Relationship between serum CHIP levels with cardiovascular disease in maintenance haemodialysis patients.

Many preclinical studies reported that the carboxyl terminus of Hsp70-interacting protein (CHIP) has cardiovascular protective effects. This study was designed to explore whether CHIP is related with cardiovascular disease (CVD) in maintanence haemodialysis (MHD) patients. 217 MHD patients and 150 healthy controls were recruited, serum CHIP concentration and clinical characteristics were measured. MHD patients were followed-up for 36 months and their cardiovascular events (CVEs) and survival conditions were recorded. Here, the data shows that serum CHIP concentrations in MHD patients were lower than those in healthy controls (31.69 ± 18.2 pg/mL vs 84.53 ± 22.1 pg/mL, p < 0.05). CHIP negatively correlated with age, C-reactive protein, B-type brain natriuretic peptide, phosphorus, parathyroid hormone, carotid intima-media thickness (CIMT) and left ventricular septal thickness (LVSTd), whereas it positively associated with albumin, haemoglobin, creatinine, Kt/V and ejection fraction (p < 0.05, respectively). Partial correlation and multiple linear regression analysis verified the negative relationship between CHIP with CIMT or LVSTd (p < 0.05, respectively).
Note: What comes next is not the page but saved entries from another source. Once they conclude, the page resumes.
(* Let $\omega(a,\beta)$ be any function with $W^{(n)}(a,\beta)\le\omega(a,\beta)$ whenever $W^{(n)}(a,\beta)$ is defined. Then for $a,\rho\in(0,1)$ with $2^na\in\mathbb Z$, $\mathbf{MaxStab}_\Phi(a)\le\Upsilon_\rho(a)$, where $$\Upsilon_\rho(a):=\sup_{\beta,P_{Z|SX}}\mathbb E[\Phi(a+\rho Z)]$$ subject to $0\le\beta\le\min\{a,1-a\}$, $0\le a+\rho Z\le1$ a.s., $\mathbb EZ=0$, $\mathbb E[XZ]=\beta$, $\mathbb E[Z^2]\le(1-\rho)\omega(a,\beta)+\rho\mathbb E[SZ]$, where $(S,X,Z)\sim P_{SX}P_{Z|SX}$ with $P_{SX}(-a,-1)=\frac{1-a+\beta}2$, $P_{SX}(-a,1)=\frac{1-a-\beta}2$, $P_{SX}(1-a,-1)=\frac{a-\beta}2$, $P_{SX}(1-a,1)=\frac{a+\beta}2$, and the supremum is over $\beta$ and conditional probability mass functions $P_{Z|SX}$ of a real random variable $Z$.
   Context: $\mathbf X$ uniform on $\{-1,1\}^n$; $\mathbf Y$ obtained by independently flipping each coordinate of $\mathbf X$ with probability $(1-\rho)/2$; $T_\rho f(\mathbf x)=\mathbb E[f(\mathbf Y)\mid\mathbf X=\mathbf x]$; $\Phi:[0,1]\to\mathbb R$ continuous and strictly convex; $\mathbf{MaxStab}_\Phi(a)=\max\{\mathbb E[\Phi(T_\rho f(\mathbf X))]:f:\{-1,1\}^n\to\{0,1\},\mathbb Ef(\mathbf X)=a\}$. For $f:\{-1,1\}^n\to\mathbb R$, $\hat f_{\{i\}}=\mathbb E[f(\mathbf X)X_i]$, $\mathbf W_1[f]=\sum_i\hat f_{\{i\}}^2$, and $W^{(n)}(a,\beta):=\max\{\mathbf W_1[f]:f\text{ Boolean},\ \mathbb Ef=a,\ \max_{i}|\hat f_{\{i\}}|=\beta\}$. *)

theory Defs
  imports "HOL-Probability.Probability"
begin

definition strictly_convex_on :: "real set \<Rightarrow> (real \<Rightarrow> real) \<Rightarrow> bool" where
  "strictly_convex_on A \<Phi> \<longleftrightarrow> convex A \<and>
     (\<forall>x\<in>A. \<forall>y\<in>A. \<forall>t::real. x \<noteq> y \<and> 0 < t \<and> t < 1 \<longrightarrow>
        \<Phi> (t * x + (1 - t) * y) < t * \<Phi> x + (1 - t) * \<Phi> y)"

text \<open>The Boolean cube \<open>{-1,1}^n\<close>: points are functions on \<open>{..<n}\<close>
  (extensional, value \<open>undefined\<close> outside).\<close>
definition cube :: "nat \<Rightarrow> (nat \<Rightarrow> real) set" where
  "cube n = PiE {..<n} (\<lambda>_. {-1, 1})"

definition Ecube :: "nat \<Rightarrow> ((nat \<Rightarrow> real) \<Rightarrow> real) \<Rightarrow> real" where
  "Ecube n f = (\<Sum>x\<in>cube n. f x) / 2 ^ n"

text \<open>Noise operator: \<open>Y\<close> flips each coordinate of \<open>X\<close> independently
  with probability \<open>(1-\<rho>)/2\<close>.\<close>
definition noise_op :: "nat \<Rightarrow> real \<Rightarrow> ((nat \<Rightarrow> real) \<Rightarrow> real) \<Rightarrow> (nat \<Rightarrow> real) \<Rightarrow> real" where
  "noise_op n \<rho> f x =
     (\<Sum>y\<in>cube n. (\<Prod>i<n. if y i = x i then (1 + \<rho>) / 2 else (1 - \<rho>) / 2) * f y)"

definition boolean_fun :: "nat \<Rightarrow> ((nat \<Rightarrow> real) \<Rightarrow> real) \<Rightarrow> bool" where
  "boolean_fun n f \<longleftrightarrow> (\<forall>x\<in>cube n. f x \<in> {0, 1})"

definition MaxStab :: "nat \<Rightarrow> real \<Rightarrow> (real \<Rightarrow> real) \<Rightarrow> real \<Rightarrow> real" where
  "MaxStab n \<rho> \<Phi> a =
     Max {Ecube n (\<lambda>x. \<Phi> (noise_op n \<rho> f x)) | f. boolean_fun n f \<and> Ecube n f = a}"

definition fhat1 :: "nat \<Rightarrow> ((nat \<Rightarrow> real) \<Rightarrow> real) \<Rightarrow> nat \<Rightarrow> real" where
  "fhat1 n f i = Ecube n (\<lambda>x. f x * x i)"

definition W1 :: "nat \<Rightarrow> ((nat \<Rightarrow> real) \<Rightarrow> real) \<Rightarrow> real" where
  "W1 n f = (\<Sum>i<n. (fhat1 n f i)\<^sup>2)"

definition maxcoef :: "nat \<Rightarrow> ((nat \<Rightarrow> real) \<Rightarrow> real) \<Rightarrow> real" where
  "maxcoef n f = Max ((\<lambda>i. \<bar>fhat1 n f i\<bar>) ` {..<n})"

text \<open>Admissible functions for \<open>W^{(n)}(a,\<beta>)\<close>; \<open>W^{(n)}(a,\<beta>)\<close> is defined iff
  this set is nonempty.\<close>
definition W_feasible :: "nat \<Rightarrow> real \<Rightarrow> real \<Rightarrow> ((nat \<Rightarrow> real) \<Rightarrow> real) set" where
  "W_feasible n a \<beta> = {f. boolean_fun n f \<and> Ecube n f = a \<and> maxcoef n f = \<beta>}"

definition Wn :: "nat \<Rightarrow> real \<Rightarrow> real \<Rightarrow> real" where
  "Wn n a \<beta> = Max (W1 n ` W_feasible n a \<beta>)"

definition PSX :: "real \<Rightarrow> real \<Rightarrow> real \<Rightarrow> real \<Rightarrow> real" where
  "PSX a \<beta> s x =
     (if s = -a \<and> x = -1 then (1 - a + \<beta>) / 2
      else if s = -a \<and> x = 1 then (1 - a - \<beta>) / 2
      else if s = 1 - a \<and> x = -1 then (a - \<beta>) / 2
      else if s = 1 - a \<and> x = 1 then (a + \<beta>) / 2 else 0)"

definition SXpts :: "real \<Rightarrow> (real \<times> real) set" where
  "SXpts a = {(-a, -1), (-a, 1), (1 - a, -1), (1 - a, 1)}"

text \<open>\<open>E[g(S,X,Z)]\<close> for \<open>(S,X,Z) \<sim> P_{SX} P_{Z|SX}\<close>, the conditional pmf being
  the kernel \<open>K\<close>.\<close>
definition EJ :: "real \<Rightarrow> real \<Rightarrow> (real \<Rightarrow> real \<Rightarrow> real pmf)
                   \<Rightarrow> (real \<Rightarrow> real \<Rightarrow> real \<Rightarrow> real) \<Rightarrow> real" where
  "EJ a \<beta> K g = (\<Sum>(s, x)\<in>SXpts a. PSX a \<beta> s x *
                    measure_pmf.expectation (K s x) (\<lambda>z. g s x z))"

definition Ups_feasible :: "real \<Rightarrow> real \<Rightarrow> (real \<Rightarrow> real \<Rightarrow> real)
                              \<Rightarrow> (real \<times> (real \<Rightarrow> real \<Rightarrow> real pmf)) set" where
  "Ups_feasible \<rho> a \<omega> = {(\<beta>, K).
     0 \<le> \<beta> \<and> \<beta> \<le> min a (1 - a) \<and>
     (\<forall>(s, x)\<in>SXpts a. PSX a \<beta> s x > 0 \<longrightarrow>
        (\<forall>z\<in>set_pmf (K s x). 0 \<le> a + \<rho> * z \<and> a + \<rho> * z \<le> 1)) \<and>
     EJ a \<beta> K (\<lambda>s x z. z) = 0 \<and>
     EJ a \<beta> K (\<lambda>s x z. x * z) = \<beta> \<and>
     EJ a \<beta> K (\<lambda>s x z. z\<^sup>2) \<le> (1 - \<rho>) * \<omega> a \<beta> + \<rho> * EJ a \<beta> K (\<lambda>s x z. s * z)}"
Using quartile method and Kaplan-Meier survival function, it indetified that the lower serum CHIP concentration predicted risk of CVEs, CVD and all-cause death (p < 0.001). Cox regression analysis manifested CHIP was negatively associated with CVEs (HR = 0.914, 95%CI 0.880-0.950, p < 0.001), CVD mortality (HR = 0.747, 95%CI 0.651-0.857, p < 0.001) and all-cause death (HR = 0.769, 95%CI 0.696-0.850, p < 0.001). In conclusion, the data of this study revealed that serum CHIP level is significantly correlated with multiple risk factors of CVD and may be one of the predictors of CVD risk and death in MHD patients.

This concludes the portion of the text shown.